Centrosomes separate along linear trajectories right under the cortex, whereas the nucleus deforms. Four frames from a reconstructed cross section of a time-lapse confocal stack (t = 0 s [A], 167 s [B], 503 s [C], and 615 s [D]) showing GFP-polo (A-D) and rhodamine-dextrans (E-H) with the positions of the centrosomes (green circles) and centrosome trajectories (green line) overlaid. The contour of the nucleus is outlined in E-H. Note that the apparent increase in the size of the nucleus is mostly due to the fact that the centrosomes and nucleus do not start off perfectly aligned so that a cross section of the stack through the centrosome at the beginning of separation cuts through the nucleus off-center. Bar, 5 μm.

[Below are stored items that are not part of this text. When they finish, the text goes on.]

(* Let $\phi\in T_m(\mathbb{R}^d)$ be a conjugation invariant homogeneous of degree $m$. Then $\phi=\operatorname{shift}_m(\phi)$.
   Context: $T_m(\mathbb{R}^d)=(\mathbb{R}^d)^{\otimes m}$ has basis the words of length $m$ over $\{1,\dots,d\}$. $\operatorname{shift}_m$ is the linear automorphism of $T_m$ with $\operatorname{shift}_m(w_1\cdots w_m)=w_m w_1\cdots w_{m-1}$. A path is a piecewise smooth $X:[0,1]\to\mathbb{R}^d$ with iterated-integrals signature $S(X)\in T((\mathbb{R}^d))$ ($\langle S(X),\mathsf e\rangle=1$, $\langle S(X),wi\rangle=\int_0^1\langle S(X|_{[0,t]}),w\rangle dX^i(t)$, where $\langle\sum_w c_w w,v\rangle=c_v$). $\sqcup$ is concatenation, $B^{-1}$ the reversed path. $\phi$ is a conjugation invariant if $\langle S(A),\phi\rangle=\langle S(B\sqcup A\sqcup B^{-1}),\phi\rangle$ for all paths $A,B$. *)

theory Defs
  imports "HOL-Analysis.Analysis"
begin

text \<open>Paths X : [0,1] -> R^d are functions real => real^'n with d = CARD('n);
  words over {1..d} are lists over 'n.\<close>

definition piecewise_smooth_path :: "(real \<Rightarrow> real^'n) \<Rightarrow> bool" where
  "piecewise_smooth_path X \<longleftrightarrow> X piecewise_C1_differentiable_on {0..1}"

text \<open>Iterated integrals, indexed by the reversed word:
  sig_rev X (i # ws) t = integral_0^t sig_rev X ws s dX^i(s).\<close>
fun sig_rev :: "(real \<Rightarrow> real^'n) \<Rightarrow> 'n list \<Rightarrow> real \<Rightarrow> real" where
  "sig_rev X [] t = 1"
| "sig_rev X (i # ws) t =
     integral {0..t} (\<lambda>s. sig_rev X ws s * (vector_derivative X (at s)) $ i)"

definition sig_coeff :: "(real \<Rightarrow> real^'n) \<Rightarrow> 'n list \<Rightarrow> real" where
  "sig_coeff X w = sig_rev X (rev w) 1"

definition in_Tm :: "nat \<Rightarrow> ('n list \<Rightarrow> real) \<Rightarrow> bool" where
  "in_Tm m \<phi> \<longleftrightarrow> (\<forall>w. length w \<noteq> m \<longrightarrow> \<phi> w = 0)"

definition sig_pair :: "nat \<Rightarrow> (real \<Rightarrow> real^'n::finite) \<Rightarrow> ('n list \<Rightarrow> real) \<Rightarrow> real" where
  "sig_pair m X \<phi> = (\<Sum>w\<in>{w::'n list. length w = m}. sig_coeff X w * \<phi> w)"

text \<open>shift_m(w_1...w_m) = w_m w_1 ... w_{m-1}, extended linearly; hence the
  coefficient of v in shift_m(phi) is the coefficient of rotate1 v in phi.\<close>
definition shift_m :: "nat \<Rightarrow> ('n list \<Rightarrow> real) \<Rightarrow> ('n list \<Rightarrow> real)" where
  "shift_m m \<phi> = (\<lambda>v. if length v = m then \<phi> (rotate1 v) else 0)"

definition path_concat :: "(real \<Rightarrow> real^'n) \<Rightarrow> (real \<Rightarrow> real^'n) \<Rightarrow> (real \<Rightarrow> real^'n)" where
  "path_concat A B = (\<lambda>t. if t \<le> 1/2 then A (2 * t) else B (2 * t - 1) - B 0 + A 1)"

definition conjugation_invariant :: "nat \<Rightarrow> ('n::finite list \<Rightarrow> real) \<Rightarrow> bool" where
  "conjugation_invariant m \<phi> \<longleftrightarrow>
     (\<forall>A B :: real \<Rightarrow> real^'n. piecewise_smooth_path A \<longrightarrow> piecewise_smooth_path B \<longrightarrow>
        sig_pair m A \<phi> = sig_pair m (path_concat (path_concat B A) (reversepath B)) \<phi>)"

end

theory Submission
  imports Defs
begin

text \<open>Conjugate a path A by a short straight segment B = \<epsilon> e_j. By Chen's identity,
  \<langle>S(B \<squnion> A \<squnion> B\<inverse>), \<phi>\<rangle> is a polynomial in \<epsilon> whose linear coefficient is
  \<langle>S(A), \<psi>\<rangle> with \<psi>(u) = \<phi>(j u) - \<phi>(u j). Conjugation invariance makes this polynomial
  constant, so \<langle>S(A), \<psi>\<rangle> = 0 for every path A. A functional that vanishes on all signatures
  is zero: appending a segment \<epsilon> e_j to A and differentiating at \<epsilon> = 0 turns
  \<langle>S(A \<squnion> B), \<rho>\<rangle> into \<langle>S(A), \<rho>(\<cdot> j)\<rangle>, which gives an induction on the word length.
  Hence \<psi> = 0, which is \<phi> = shift_m(\<phi>).\<close>

section \<open>Straight segments\<close>

definition segment_path :: "'a::real_vector \<Rightarrow> 'a \<Rightarrow> real \<Rightarrow> 'a" where
  "segment_path p v = (\<lambda>t. p + t *\<^sub>R v)"

definition segment_sig :: "real^'n \<Rightarrow> 'n list \<Rightarrow> real" where
  "segment_sig v ws = prod_list (map (\<lambda>i. v $ i) ws) / fact (length ws)"

lemma segment_path_has_vector_derivative:
  fixes p v :: "'a::real_normed_vector"
  shows "(segment_path p v has_vector_derivative v) (at s)"
  unfolding segment_path_def by (auto intro!: derivative_eq_intros)

lemma vector_derivative_segment_path [simp]:
  fixes p v :: "'a::real_normed_vector"
  shows "vector_derivative (segment_path p v) (at s) = v"
  by (rule vector_derivative_at[OF segment_path_has_vector_derivative])

lemma piecewise_smooth_segment_path: "piecewise_smooth_path (segment_path p v)"
proof -
  have "segment_path p v = linepath p (p + v)"
    by (auto simp: segment_path_def linepath_def fun_eq_iff algebra_simps)
  then show ?thesis
    using valid_path_linepath unfolding piecewise_smooth_path_def valid_path_def by metis
qed

lemma reversepath_segment_path: "reversepath (segment_path p v) = segment_path (p + v) (- v)"
  by (auto simp: reversepath_def segment_path_def fun_eq_iff algebra_simps)

lemma segment_sig_Nil [simp]: "segment_sig v [] = 1"
  by (simp add: segment_sig_def)

lemma segment_sig_single [simp]: "segment_sig v [i] = v $ i"
  by (simp add: segment_sig_def)

lemma segment_sig_scaleR: "segment_sig (a *\<^sub>R v) ws = a ^ length ws * segment_sig v ws"
proof -
  have "prod_list (map (\<lambda>i. (a *\<^sub>R v) $ i) ws) = a ^ length ws * prod_list (map (\<lambda>i. v $ i) ws)"
    by (induction ws) auto
  then show ?thesis by (simp add: segment_sig_def)
qed

lemma has_integral_power_from_0:
  fixes t :: real
  assumes "0 \<le> t"
  shows "((\<lambda>s. s ^ n) has_integral t ^ Suc n / Suc n) {0..t}"
proof -
  have "((\<lambda>s. s ^ Suc n / Suc n) has_real_derivative x ^ n) (at x)" for x :: real
    using DERIV_cdivide[OF DERIV_pow[of "Suc n" x], of "Suc n"] by (simp del: of_nat_Suc)
  then have "((\<lambda>s. s ^ n) has_integral t ^ Suc n / Suc n - 0 ^ Suc n / Suc n) {0..t}"
    by (intro fundamental_theorem_of_calculus[OF assms])
       (simp add: has_real_derivative_iff_has_vector_derivative has_vector_derivative_at_within)
  then show ?thesis by simp
qed

lemma sig_rev_segment_path:
  assumes "0 \<le> t"
  shows "sig_rev (segment_path p v) ws t = t ^ length ws * segment_sig v ws"
  using assms
proof (induction ws arbitrary: t)
  case Nil
  then show ?case by simp
next
  case (Cons i ws)
  have "sig_rev (segment_path p v) (i # ws) t
          = integral {0..t} (\<lambda>s. s ^ length ws * (segment_sig v ws * v $ i))"
    unfolding sig_rev.simps by (rule integral_cong) (simp add: Cons.IH)
  also have "\<dots> = t ^ Suc (length ws) / Suc (length ws) * (segment_sig v ws * v $ i)"
    using has_integral_mult_left[OF has_integral_power_from_0[OF Cons.prems]] by (rule integral_unique)
  also have "\<dots> = t ^ length (i # ws) * segment_sig v (i # ws)"
    by (simp add: segment_sig_def field_simps)
  finally show ?case .
qed

lemma sig_rev_segment_path_at_1 [simp]: "sig_rev (segment_path p v) ws 1 = segment_sig v ws"
  by (simp add: sig_rev_segment_path)

section \<open>Chen's identity\<close>

text \<open>Chen's identity is proved for the following class of paths rather than for all piecewise
  smooth ones: it contains the segments and is closed under concatenation, which is all the
  argument needs, and it has the integrability of the iterated integrands built in.\<close>

definition sig_regular :: "(real \<Rightarrow> real^'n) \<Rightarrow> bool" where
  "sig_regular X \<longleftrightarrow> (\<exists>S. finite S \<and> (\<forall>s\<in>{0<..<1} - S. X differentiable (at s))) \<and>
     (\<forall>ws i t. 0 \<le> t \<and> t \<le> 1 \<longrightarrow>
        (\<lambda>s. sig_rev X ws s * vector_derivative X (at s) $ i) integrable_on {0..t})"

lemma sig_regular_has_integral:
  assumes "sig_regular X" "0 \<le> t" "t \<le> 1"
  shows "((\<lambda>s. sig_rev X ws s * vector_derivative X (at s) $ i) has_integral sig_rev X (i # ws) t) {0..t}"
  using assms unfolding sig_regular_def by (auto intro!: integrable_integral)

lemma sig_regular_segment_path: "sig_regular (segment_path p v)"
  unfolding sig_regular_def
proof (intro conjI allI impI)
  show "\<exists>S. finite S \<and> (\<forall>s\<in>{0<..<1} - S. segment_path p v differentiable at s)"
    using segment_path_has_vector_derivative by (metis differentiableI_vector finite.emptyI)
  fix ws i and t :: real
  assume "0 \<le> t \<and> t \<le> 1"
  then have "((\<lambda>s. s ^ length ws * (segment_sig v ws * v $ i)) has_integral
               t ^ Suc (length ws) / Suc (length ws) * (segment_sig v ws * v $ i)) {0..t}"
    by (intro has_integral_mult_left has_integral_power_from_0) auto
  then show "(\<lambda>s. sig_rev (segment_path p v) ws s * vector_derivative (segment_path p v) (at s) $ i)
               integrable_on {0..t}"
    by (rule has_integral_integrable[OF has_integral_spike_finite[where S="{}"], rotated 2])
       (auto simp: sig_rev_segment_path)
qed

lemma has_integral_first_half:
  fixes h :: "real \<Rightarrow> real"
  assumes "(h has_integral I) {0..2 * t}"
  shows "((\<lambda>x. 2 * h (2 * x)) has_integral I) {0..t}"
proof -
  have "((\<lambda>x. h (2 *\<^sub>R x + 0)) has_integral I /\<^sub>R 2 ^ DIM(real))
          (cbox ((0 - 0) /\<^sub>R 2) ((2 * t - 0) /\<^sub>R 2))"
    using assms by (intro has_integral_affinity') auto
  then show ?thesis
    using has_integral_mult_right[of _ "I / 2" _ 2] by simp
qed

lemma has_integral_second_half:
  fixes h :: "real \<Rightarrow> real"
  assumes "(h has_integral I) {0..2 * t - 1}"
  shows "((\<lambda>x. 2 * h (2 * x - 1)) has_integral I) {1/2..t}"
proof -
  have "((\<lambda>x. h (2 *\<^sub>R x + (-1))) has_integral I /\<^sub>R 2 ^ DIM(real))
          (cbox ((0 - (-1)) /\<^sub>R 2) ((2 * t - 1 - (-1)) /\<^sub>R 2))"
    using assms by (intro has_integral_affinity') auto
  then show ?thesis
    using has_integral_mult_right[of _ "I / 2" _ 2] by simp
qed

lemma path_concat_has_vector_derivative_first_half:
  assumes "s < 1/2" "A differentiable at (2 * s)"
  shows "(path_concat A B has_vector_derivative 2 *\<^sub>R vector_derivative A (at (2 * s))) (at s)"
proof -
  have "((A \<circ> (\<lambda>x. 2 * x)) has_vector_derivative 2 *\<^sub>R vector_derivative A (at (2 * s))) (at s)"
    using assms(2)
    by (intro vector_diff_chain_at)
       (auto intro!: derivative_eq_intros vector_derivative_works[THEN iffD1]
             simp flip: has_real_derivative_iff_has_vector_derivative)
  then show ?thesis
    by (rule has_vector_derivative_transform_within_open[where S="{..<1/2}"])
       (use assms(1) in \<open>auto simp: path_concat_def\<close>)
qed

lemma path_concat_has_vector_derivative_second_half:
  assumes "1/2 < s" "B differentiable at (2 * s - 1)"
  shows "(path_concat A B has_vector_derivative 2 *\<^sub>R vector_derivative B (at (2 * s - 1))) (at s)"
proof -
  have "((B \<circ> (\<lambda>x. 2 * x - 1)) has_vector_derivative 2 *\<^sub>R vector_derivative B (at (2 * s - 1))) (at s)"
    using assms(2)
    by (intro vector_diff_chain_at)
       (auto intro!: derivative_eq_intros vector_derivative_works[THEN iffD1]
             simp flip: has_real_derivative_iff_has_vector_derivative)
  then have "((\<lambda>x. (B \<circ> (\<lambda>x. 2 * x - 1)) x + (A 1 - B 0)) has_vector_derivative
               2 *\<^sub>R vector_derivative B (at (2 * s - 1))) (at s)"
    by (auto intro!: derivative_eq_intros simp: o_def)
  then show ?thesis
    by (rule has_vector_derivative_transform_within_open[where S="{1/2<..}"])
       (use assms(1) in \<open>auto simp: path_concat_def\<close>)
qed

lemma path_concat_differentiable_off_finite:
  assumes "sig_regular A" "sig_regular B"
  shows "\<exists>E. finite E \<and> (\<forall>s\<in>{0..1} - E.
           s < 1/2 \<and> A differentiable at (2 * s) \<or> 1/2 < s \<and> B differentiable at (2 * s - 1))"
proof -
  obtain SA where SA: "finite SA" "\<And>s. s \<in> {0<..<1} - SA \<Longrightarrow> A differentiable (at s)"
    using assms(1) unfolding sig_regular_def by blast
  obtain SB where SB: "finite SB" "\<And>s. s \<in> {0<..<1} - SB \<Longrightarrow> B differentiable (at s)"
    using assms(2) unfolding sig_regular_def by blast
  let ?E = "{0, 1/2, 1} \<union> (\<lambda>x. x / 2) ` SA \<union> (\<lambda>x. (x + 1) / 2) ` SB"
  have "s < 1/2 \<and> A differentiable at (2 * s) \<or> 1/2 < s \<and> B differentiable at (2 * s - 1)"
    if s: "s \<in> {0..1} - ?E" for s
  proof -
    have "2 * s \<notin> SA"
    proof
      assume "2 * s \<in> SA"
      then have "s \<in> (\<lambda>x. x / 2) ` SA"
        by (rule rev_image_eqI) simp
      with s show False by blast
    qed
    moreover have "2 * s - 1 \<notin> SB"
    proof
      assume "2 * s - 1 \<in> SB"
      then have "s \<in> (\<lambda>x. (x + 1) / 2) ` SB"
        by (rule rev_image_eqI) simp
      with s show False by blast
    qed
    ultimately show ?thesis
      using s SA(2)[of "2 * s"] SB(2)[of "2 * s - 1"] by (cases "s < 1/2") auto
  qed
  moreover have "finite ?E"
    using SA(1) SB(1) by simp
  ultimately show ?thesis
    by (intro exI[of _ ?E]) simp
qed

Another repercussion of the nondescending centrosome trajectory is that the net force acting on the centrosomes must be roughly parallel to the cortical surface. Furthermore, fixed cell immunofluorescence shows dynein colocalized with actin at the cortex and no significant signal else-where (Figure 4). We find no evidence to support nuclear localization of dynein in Drosophila syncytial blastoderm and would argue that the linear centrosome trajectories indicate that the cortex, rather than the nucleus, is providing the scaffolding for centrosome separation.

Examination of trajectories of individual pairs of centrosomes revealed that separation is not symmetric with respect to the nucleus. In some cases, one centrosome is completely static, whereas the other centrosome moves rapidly along the cortex, although as the centrosomes approach the pre-NEB steady state, this asymmetry relative to the nucleus disappears, likely due to the equilibration of elastic forces exerted by the nucleus.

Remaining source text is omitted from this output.